EXCERPTED DATA below:

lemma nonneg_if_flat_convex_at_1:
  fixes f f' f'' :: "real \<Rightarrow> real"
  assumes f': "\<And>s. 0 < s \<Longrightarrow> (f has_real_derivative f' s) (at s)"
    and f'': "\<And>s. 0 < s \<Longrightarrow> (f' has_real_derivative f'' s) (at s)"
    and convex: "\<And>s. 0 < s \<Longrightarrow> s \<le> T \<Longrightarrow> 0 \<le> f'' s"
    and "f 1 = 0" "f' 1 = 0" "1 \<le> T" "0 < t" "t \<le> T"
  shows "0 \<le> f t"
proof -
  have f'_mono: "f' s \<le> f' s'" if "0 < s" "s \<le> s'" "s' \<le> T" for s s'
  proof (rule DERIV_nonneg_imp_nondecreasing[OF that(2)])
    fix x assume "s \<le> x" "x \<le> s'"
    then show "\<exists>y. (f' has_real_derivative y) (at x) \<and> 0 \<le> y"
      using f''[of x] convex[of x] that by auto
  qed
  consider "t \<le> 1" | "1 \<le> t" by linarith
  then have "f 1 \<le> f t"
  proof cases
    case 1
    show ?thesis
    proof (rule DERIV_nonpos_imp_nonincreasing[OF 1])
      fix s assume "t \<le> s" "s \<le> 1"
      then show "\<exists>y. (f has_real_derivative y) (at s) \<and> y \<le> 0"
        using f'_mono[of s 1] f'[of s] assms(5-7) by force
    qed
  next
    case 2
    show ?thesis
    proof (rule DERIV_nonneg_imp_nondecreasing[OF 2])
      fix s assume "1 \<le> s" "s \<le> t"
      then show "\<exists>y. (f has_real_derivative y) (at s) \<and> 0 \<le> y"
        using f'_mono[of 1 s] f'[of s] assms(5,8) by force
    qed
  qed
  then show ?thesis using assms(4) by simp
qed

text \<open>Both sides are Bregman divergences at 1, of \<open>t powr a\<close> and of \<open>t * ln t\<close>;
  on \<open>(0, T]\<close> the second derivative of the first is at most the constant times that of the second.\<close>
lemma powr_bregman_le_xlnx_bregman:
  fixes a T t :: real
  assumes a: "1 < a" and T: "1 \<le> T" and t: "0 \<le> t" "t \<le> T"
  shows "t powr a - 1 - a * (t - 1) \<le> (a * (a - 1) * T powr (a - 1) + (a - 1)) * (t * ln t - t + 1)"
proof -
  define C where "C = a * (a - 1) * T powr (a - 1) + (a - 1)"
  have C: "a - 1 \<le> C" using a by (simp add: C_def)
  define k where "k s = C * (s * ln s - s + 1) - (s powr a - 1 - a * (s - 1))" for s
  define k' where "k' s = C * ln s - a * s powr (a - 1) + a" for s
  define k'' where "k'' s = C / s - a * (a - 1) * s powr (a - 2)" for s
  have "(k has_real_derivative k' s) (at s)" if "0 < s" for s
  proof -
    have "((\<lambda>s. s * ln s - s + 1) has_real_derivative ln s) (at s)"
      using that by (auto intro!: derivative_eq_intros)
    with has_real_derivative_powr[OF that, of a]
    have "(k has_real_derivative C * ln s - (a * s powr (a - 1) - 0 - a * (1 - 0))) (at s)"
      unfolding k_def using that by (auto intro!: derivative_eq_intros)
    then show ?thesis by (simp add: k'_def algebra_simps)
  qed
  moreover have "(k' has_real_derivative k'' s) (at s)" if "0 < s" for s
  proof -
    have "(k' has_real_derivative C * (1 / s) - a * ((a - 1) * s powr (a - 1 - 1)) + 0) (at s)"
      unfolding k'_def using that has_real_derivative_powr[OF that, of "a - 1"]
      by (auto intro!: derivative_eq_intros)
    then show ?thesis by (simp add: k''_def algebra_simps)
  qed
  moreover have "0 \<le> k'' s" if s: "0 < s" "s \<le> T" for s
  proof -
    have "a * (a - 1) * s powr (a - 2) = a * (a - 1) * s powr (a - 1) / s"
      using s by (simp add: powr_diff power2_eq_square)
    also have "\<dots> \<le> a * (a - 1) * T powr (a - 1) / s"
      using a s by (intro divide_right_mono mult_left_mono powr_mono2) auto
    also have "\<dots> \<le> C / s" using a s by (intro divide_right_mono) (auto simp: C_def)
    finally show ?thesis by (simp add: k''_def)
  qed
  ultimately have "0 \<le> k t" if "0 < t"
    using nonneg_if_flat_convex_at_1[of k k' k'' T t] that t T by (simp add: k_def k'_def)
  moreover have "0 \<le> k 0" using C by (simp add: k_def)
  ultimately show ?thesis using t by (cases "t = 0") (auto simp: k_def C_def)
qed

End of EXCERPTED DATA.

§ WORK TO COMPLETE: Examine the listing and count its lines containing the word "assumes". State the count alone.

§ RESULT OF THE TASK: 2